Everyone becomes older. Not everyone becomes an elder.[1]

We get older by the passage of time. We do not necessarily become an elder. We get to become an elder by joining the realm of conversation, which entails deep listening and wonder.

If you are someone in the first half of life, we must invite people who are older than us into a space of being treated like an elder. This is not about naive reverence, but this type of mentoring relationship requires an earnest perspective that eventually, we will also become older one day.

If you are someone in the second half of life, make room to enter into conversation, not preach, and to listen to someone into speech. Question in order to listen, not listen in order to question.

To be the best teacher, we need to become great students.

The ultimate touchstone of our lives is not self-improvement. Ultimately, any form of self-improvement is for the benefit of others. Otherwise, self-improvement becomes a self-indulgent enterprise, purely for its own sake. The ultimate act is to grow the ability to be a witness (I prefer the word with-ness) to another.

To become an elder, we must be warmly invitational.
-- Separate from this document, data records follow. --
(* Let $R$ be a ring and $M$ a retractable left $R$-module. The following are equivalent: (a) $M$ is uniform and $\mathrm{End}_R(M)$ is a domain; (b) $M$ is uniform and every nonzero endomorphism of $M$ is injective; (c) $\mathrm{End}_R(M)$ is a left Ore domain.
   Context: A left $R$-module $M$ is retractable if $\mathrm{Hom}_R(M,N)\neq0$ for every nonzero submodule $N\subseteq M$. $M$ is uniform if any two nonzero submodules have nonzero intersection. A left Ore domain is a domain $S$ with $Sa\cap Sb\neq0$ for all nonzero $a,b\in S$. Endomorphisms are written on the right, so composition $fg$ means first $f$ then $g$. *)

theory Defs
  imports "HOL-Algebra.Module"
begin

text \<open>The library locale module requires a commutative ring, so we state the
  left-module axioms directly (same axioms as the library, with ring instead of cring).\<close>

definition left_module :: "('a, 'c) ring_scheme \<Rightarrow> ('a, 'b) module \<Rightarrow> bool" where
  "left_module R M \<longleftrightarrow> ring R \<and> abelian_group M \<and>
     (\<forall>a\<in>carrier R. \<forall>x\<in>carrier M. a \<odot>\<^bsub>M\<^esub> x \<in> carrier M) \<and>
     (\<forall>a\<in>carrier R. \<forall>b\<in>carrier R. \<forall>x\<in>carrier M.
        (a \<oplus>\<^bsub>R\<^esub> b) \<odot>\<^bsub>M\<^esub> x = a \<odot>\<^bsub>M\<^esub> x \<oplus>\<^bsub>M\<^esub> b \<odot>\<^bsub>M\<^esub> x) \<and>
     (\<forall>a\<in>carrier R. \<forall>x\<in>carrier M. \<forall>y\<in>carrier M.
        a \<odot>\<^bsub>M\<^esub> (x \<oplus>\<^bsub>M\<^esub> y) = a \<odot>\<^bsub>M\<^esub> x \<oplus>\<^bsub>M\<^esub> a \<odot>\<^bsub>M\<^esub> y) \<and>
     (\<forall>a\<in>carrier R. \<forall>b\<in>carrier R. \<forall>x\<in>carrier M.
        (a \<otimes>\<^bsub>R\<^esub> b) \<odot>\<^bsub>M\<^esub> x = a \<odot>\<^bsub>M\<^esub> (b \<odot>\<^bsub>M\<^esub> x)) \<and>
     (\<forall>x\<in>carrier M. \<one>\<^bsub>R\<^esub> \<odot>\<^bsub>M\<^esub> x = x)"

definition lin_hom_into :: "('a, 'c) ring_scheme \<Rightarrow> ('a, 'b) module \<Rightarrow> 'b set \<Rightarrow> ('b \<Rightarrow> 'b) set" where
  "lin_hom_into R M N = {f. f \<in> carrier M \<rightarrow> N \<and> f \<in> extensional (carrier M) \<and>
     (\<forall>x\<in>carrier M. \<forall>y\<in>carrier M. f (x \<oplus>\<^bsub>M\<^esub> y) = f x \<oplus>\<^bsub>M\<^esub> f y) \<and>
     (\<forall>a\<in>carrier R. \<forall>x\<in>carrier M. f (a \<odot>\<^bsub>M\<^esub> x) = a \<odot>\<^bsub>M\<^esub> f x)}"

definition endos :: "('a, 'c) ring_scheme \<Rightarrow> ('a, 'b) module \<Rightarrow> ('b \<Rightarrow> 'b) set" where
  "endos R M = lin_hom_into R M (carrier M)"

definition zero_map :: "('a, 'b) module \<Rightarrow> 'b \<Rightarrow> 'b" where
  "zero_map M = (\<lambda>x\<in>carrier M. \<zero>\<^bsub>M\<^esub>)"

text \<open>The endomorphism ring End_R(M). Endomorphisms are written on the right,
  so the product f \<otimes> g means first f then g, i.e. g \<circ> f.\<close>

definition End_ring :: "('a, 'c) ring_scheme \<Rightarrow> ('a, 'b) module \<Rightarrow> ('b \<Rightarrow> 'b) ring" where
  "End_ring R M = \<lparr> carrier = endos R M,
     monoid.mult = (\<lambda>f g. compose (carrier M) g f),
     one = (\<lambda>x\<in>carrier M. x),
     zero = zero_map M,
     add = (\<lambda>f g. \<lambda>x\<in>carrier M. f x \<oplus>\<^bsub>M\<^esub> g x) \<rparr>"

definition retractable :: "('a, 'c) ring_scheme \<Rightarrow> ('a, 'b) module \<Rightarrow> bool" where
  "retractable R M \<longleftrightarrow> (\<forall>N. submodule N R M \<and> N \<noteq> {\<zero>\<^bsub>M\<^esub>} \<longrightarrow>
      (\<exists>f\<in>lin_hom_into R M N. f \<noteq> zero_map M))"

definition uniform :: "('a, 'c) ring_scheme \<Rightarrow> ('a, 'b) module \<Rightarrow> bool" where
  "uniform R M \<longleftrightarrow> carrier M \<noteq> {\<zero>\<^bsub>M\<^esub>} \<and>
     (\<forall>N1 N2. submodule N1 R M \<and> submodule N2 R M \<and> N1 \<noteq> {\<zero>\<^bsub>M\<^esub>} \<and> N2 \<noteq> {\<zero>\<^bsub>M\<^esub>}
        \<longrightarrow> N1 \<inter> N2 \<noteq> {\<zero>\<^bsub>M\<^esub>})"

definition nc_domain :: "('a, 'c) ring_scheme \<Rightarrow> bool" where
  "nc_domain S \<longleftrightarrow> ring S \<and> \<one>\<^bsub>S\<^esub> \<noteq> \<zero>\<^bsub>S\<^esub> \<and>
     (\<forall>a\<in>carrier S. \<forall>b\<in>carrier S. a \<otimes>\<^bsub>S\<^esub> b = \<zero>\<^bsub>S\<^esub> \<longrightarrow> a = \<zero>\<^bsub>S\<^esub> \<or> b = \<zero>\<^bsub>S\<^esub>)"
lemma riemann_sum_tendsto_integral:
  fixes f w :: "real \<times> real \<Rightarrow> real"
  assumes cont: "continuous_on UNIV f" and nonneg: "\<And>x. 0 \<le> f x"
    and w: "integrable lborel w"
    and dom: "\<And>d x. 0 < d \<Longrightarrow> d \<le> 1 \<Longrightarrow> lattice_sample f d (cell d x) \<le> w x"
  shows "integrable lborel f"
    and "((\<lambda>d. d\<^sup>2 * (\<Sum>\<^sub>\<infinity>k. lattice_sample f d k)) \<longlongrightarrow> integral\<^sup>L lborel f) (at_right 0)"
proof -
  define s where "s t x = lattice_sample f (inverse t) (cell (inverse t) x)" for t x
  have sample_nonneg: "0 \<le> lattice_sample f d k" for d k
    by (simp add: lattice_sample_def nonneg)
  have s_meas: "s t \<in> borel_measurable lborel" for t
    unfolding s_def using measurable_compose[OF measurable_cell, of "lattice_sample f (inverse t)" borel]
    by simp
  have f_meas: "f \<in> borel_measurable lborel"
    using borel_measurable_continuous_onI[OF cont] by simp
  have lim: "AE x in lborel. ((\<lambda>t. s t x) \<longlongrightarrow> f x) at_top"
    using AE_lborel_singleton[of "(0, 0)"]
  proof eventually_elim
    case (elim x)
    have "\<forall>\<^sub>F t in at_top. 0 < inverse (t::real)"
      using eventually_gt_at_top[of 0] by eventually_elim simp
    with elim show ?case
      unfolding s_def using cont
      by (intro lattice_sample_cell_tendsto tendsto_inverse_0_at_top filterlim_ident)
         (auto simp: continuous_on_eq_continuous_at simp del: split_paired_All)
  qed
  have ev_ge_1: "\<forall>\<^sub>F t in at_top. (1::real) \<le> t"
    by (rule eventually_ge_at_top)
  have bound: "\<forall>\<^sub>F t in at_top. AE x in lborel. norm (s t x) \<le> w x"
    using ev_ge_1 by eventually_elim (simp add: s_def dom sample_nonneg inverse_le_1_iff)
  show "integrable lborel f"
    using integrable_dominated_convergence_at_top[OF f_meas s_meas w lim bound] .
  have "((\<lambda>t. integral\<^sup>L lborel (s t)) \<longlongrightarrow> integral\<^sup>L lborel f) at_top"
    using integral_dominated_convergence_at_top[OF f_meas s_meas w lim bound] .
  moreover have "\<forall>\<^sub>F t in at_top. integral\<^sup>L lborel (s t)
      = (inverse t)\<^sup>2 * (\<Sum>\<^sub>\<infinity>k. lattice_sample f (inverse t) k)"
    using ev_ge_1
  proof eventually_elim
    case (elim t)
    then have d: "0 < inverse t" "inverse t \<le> 1" by (auto simp: inverse_le_1_iff)
    have "integrable lborel (s t)"
      using w s_meas by (rule Bochner_Integration.integrable_bound)
        (auto simp: s_def sample_nonneg intro!: AE_I2 order_trans[OF dom[OF d] abs_ge_self])
    then show ?case
      unfolding s_def by (rule integral_cell_step[OF d(1) sample_nonneg])
  qed
  ultimately show "((\<lambda>d. d\<^sup>2 * (\<Sum>\<^sub>\<infinity>k. lattice_sample f d k)) \<longlongrightarrow> integral\<^sup>L lborel f) (at_right 0)"
    unfolding filterlim_at_right_to_top by (rule Lim_transform_eventually)
qed

lemma integral_pos_if_continuous_at_pos:
  fixes f :: "'a::euclidean_space \<Rightarrow> real"
  assumes cont: "continuous_on UNIV f" and nonneg: "\<And>x. 0 \<le> f x"
    and int: "integrable lborel f" and pos: "0 < f x\<^sub>0"
  shows "0 < integral\<^sup>L lborel f"
proof -
  have "open {x. f x\<^sub>0 / 2 < f x}"
    by (rule open_Collect_less[OF continuous_on_const cont])
  moreover have "x\<^sub>0 \<in> {x. f x\<^sub>0 / 2 < f x}" using pos by simp
  ultimately obtain e where e: "0 < e" "ball x\<^sub>0 e \<subseteq> {x. f x\<^sub>0 / 2 < f x}"
    by (meson open_contains_ball)
  have ball_int: "integrable lborel (\<lambda>x. f x\<^sub>0 / 2 * indicator (ball x\<^sub>0 e) x)"
    using emeasure_lborel_ball_finite by (intro integrable_mult_right integrable_real_indicator) auto
  have "0 < f x\<^sub>0 / 2 * measure lborel (ball x\<^sub>0 e)"
    using pos e(1) by simp
  also have "\<dots> = integral\<^sup>L lborel (\<lambda>x. f x\<^sub>0 / 2 * indicator (ball x\<^sub>0 e) x)"
    by simp
  also have "\<dots> \<le> integral\<^sup>L lborel f"
    using e(2) pos nonneg
    by (intro integral_mono[OF ball_int int]) (auto split: split_indicator)
  finally show ?thesis .
qed

section \<open>An integrable majorant for inverse-power decay\<close>

lemma integrable_lborel_product:
  fixes f g :: "real \<Rightarrow> real"
  assumes f: "integrable lborel f" and g: "integrable lborel g"
  shows "integrable lborel (\<lambda>x::real \<times> real. f (fst x) * g (snd x))"
proof -
  have "integrable (lborel \<Otimes>\<^sub>M lborel) (\<lambda>x::real \<times> real. f (fst x) * g (snd x))"
  proof (rule lborel_pair.Fubini_integrable)
    show "(\<lambda>x. f (fst x) * g (snd x)) \<in> borel_measurable (lborel \<Otimes>\<^sub>M lborel)"
      using f g by measurable
    show "integrable lborel (\<lambda>x. \<integral>y. norm (f (fst (x, y)) * g (snd (x, y))) \<partial>lborel)"
      using f g by (simp add: abs_mult)
    show "AE x in lborel. integrable lborel (\<lambda>y. f (fst (x, y)) * g (snd (x, y)))"
      using g by simp
  qed
  then show ?thesis by (simp add: lborel_prod)
qed

lemma integrable_powr_tail:
  fixes a b :: real
  assumes "0 < a" and "1 < b"
  shows "integrable lborel (\<lambda>t. t powr (-b) * indicator {a..} t)"
proof (rule integrableI_nonneg)
  show "(\<lambda>t. t powr (-b) * indicator {a..} t) \<in> borel_measurable lborel"
    by measurable
  show "AE t in lborel. 0 \<le> t powr (-b) * indicator {a..} t"
    by simp
  have "((\<lambda>t. t powr (-b)) has_integral - (a powr (-b + 1)) / (-b + 1)) {a..}"
    using assms by (intro has_integral_powr_to_inf) auto
  then have "(\<integral>\<^sup>+t. ennreal (t powr (-b)) * indicator {a..} t \<partial>lborel) = ennreal (- (a powr (-b + 1)) / (-b + 1))"
    by (intro nn_integral_has_integral_lebesgue') auto
  then show "(\<integral>\<^sup>+t. ennreal (t powr (-b) * indicator {a..} t) \<partial>lborel) < \<infinity>"
    by (simp add: indicator_mult_ennreal mult.commute)
qed

definition decay_majorant :: "real \<Rightarrow> real \<Rightarrow> real \<Rightarrow> real" where
  "decay_majorant c b t = (if \<bar>t\<bar> \<le> 2 then c powr (-b/2) else 8 powr (b/2) * \<bar>t\<bar> powr (-b))"

lemma decay_majorant_nonneg: "0 \<le> decay_majorant c b t"
  by (simp add: decay_majorant_def)

lemma integrable_decay_majorant:
  assumes "1 < b"
  shows "integrable lborel (decay_majorant c b)"
proof -
  define tail where "tail t = \<bar>t\<bar> powr (-b) * indicator {2..} t" for t :: real
  have "tail = (\<lambda>t. t powr (-b) * indicator {2..} t)"
    by (auto simp: tail_def fun_eq_iff split: split_indicator)
  then have tail: "integrable lborel tail"
    using integrable_powr_tail[of 2 b] assms by simp
  have "integrable lborel (\<lambda>t. tail (- t))"
    using lborel_integrable_real_affine[OF tail, of "-1" 0] by simp
  with tail have tails: "integrable lborel (\<lambda>t. tail t + tail (- t))"
    by (rule Bochner_Integration.integrable_add)
  have "integrable lborel (\<lambda>t. c powr (-b/2) * indicator {-2..2} t + 8 powr (b/2) * (tail t + tail (- t)))"
    by (intro Bochner_Integration.integrable_add integrable_mult_right integrable_real_indicator tails) auto
  then show ?thesis
  proof (rule Bochner_Integration.integrable_bound)
    show "decay_majorant c b \<in> borel_measurable lborel"
      unfolding decay_majorant_def by measurable
    show "AE t in lborel. norm (decay_majorant c b t)
        \<le> norm (c powr (-b/2) * indicator {-2..2} t + 8 powr (b/2) * (tail t + tail (- t)))"
      by (intro AE_I2) (auto simp: decay_majorant_def tail_def split: split_indicator)
  qed
qed
(* Let $0<x_1<x_2<\dots<x_n<1$ and $a_1,\dots,a_n>0$ with $a_1+\dots+a_n=1$, and let $\mu=\sum_{i=1}^n a_i\delta_{x_i}$. Let $K$, $\tau$, $\mathbf{P}$ and $\nu$ be as in the setting below. Then $$s_\nu(z)=\frac{1}{z(1-z)\sum_{i=1}^n\frac{a_i}{z-(1-x_i)}},$$ and $\nu$ is purely atomic with exactly $n+1$ atoms, located in increasing order at $0,y_1,\dots,y_{n-1},1$, where $y_i$ is the unique root of $y\mapsto\sum_{j=1}^n\frac{a_j}{y-(1-x_j)}$ in the interval $(1-x_{n-i+1},1-x_{n-i})$. The mass of each atom is $\nu(\{y_i\})=\lim_{z\to y_i}(y_i-z)s_\nu(z)$ (the residue of the rational function $-s_\nu$ at $y_i$). Consequently, for all $N\ge1$, $$\mathbf{P}(N\in\tau)=\frac{1}{m_K}+\sum_{i=1}^{n-1}y_i^N\,\nu(\{y_i\}).$$
   Context: Setting: $\mu$ is a probability measure on $[0,1]$; $K$ is the probability measure on $\mathbf{N}\cup\{\infty\}$ with $K(n)=\int_0^1(1-x)^{n-1}x\,\mathrm{d}\mu(x)$ for $n\ge1$ and $K(\{\infty\})=\mu(\{0\})$; $\tau=\{\tau_i:i\ge0\}$ with $\tau_0=0$, $\tau_n=\eta_1+\dots+\eta_n$, $(\eta_i)$ i.i.d. with law $K$, and $\mathbf{P}$ its law; $\nu$ is the probability measure on $[0,1]$ with $\mathbf{P}(N\in\tau)=\int_0^1x^N\mathrm{d}\nu(x)$ for all $N\ge0$, equivalently $s_\nu(z)s_\mu(1-z)=\frac{1}{z(1-z)}$ on $\mathbf{C}_+$. $m_K=\sum_{n\ge1}nK(n)$. Stieltjes transform: $s_\mu(z)=\int\frac{\mathrm{d}\mu(x)}{x-z}$. *)

theory Defs
  imports "HOL-Probability.Probability"
begin

text \<open>The inter-arrival law K for mu = sum_i a_i delta_{x_i} (i = 1..n), written out:
  K(m) = integral of (1-x)^(m-1) x d mu(x) = sum_i a_i (1-x_i)^(m-1) x_i for m >= 1.
  Since all x_i > 0, K(infinity) = mu({0}) = 0, so K is a law on the positive integers.\<close>
definition Kdisc :: "nat \<Rightarrow> (nat \<Rightarrow> real) \<Rightarrow> (nat \<Rightarrow> real) \<Rightarrow> nat \<Rightarrow> real" where
  "Kdisc n a x m = (if m = 0 then 0 else (\<Sum>i=1..n. a i * (1 - x i) ^ (m - 1) * x i))"

fun conv_pow :: "(nat \<Rightarrow> real) \<Rightarrow> nat \<Rightarrow> nat \<Rightarrow> real" where
  "conv_pow K 0 N = (if N = 0 then 1 else 0)"
| "conv_pow K (Suc m) N = (\<Sum>k\<le>N. K k * conv_pow K m (N - k))"

text \<open>Renewal mass P(N in tau) = sum over m of P(tau_m = N).\<close>
definition renewal_prob :: "(nat \<Rightarrow> real) \<Rightarrow> nat \<Rightarrow> real" where
  "renewal_prob K N = (\<Sum>m. conv_pow K m N)"

definition mean_K :: "(nat \<Rightarrow> real) \<Rightarrow> real" where
  "mean_K K = (\<Sum>m. real m * K m)"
To help the older person be treated as an elder, we must suspend what we think we know, and appreciate the lived experience of the other through sharing of stories.

Holding our ideas lightly—as if to pray not with clasped hands, but with open arms—invites others into a space that helps others see themselves in a truer light, either as an elder, or a to-be elder.

 

Notes:

[1] I first learned about this distinction from author and mythologist, Michael Meade.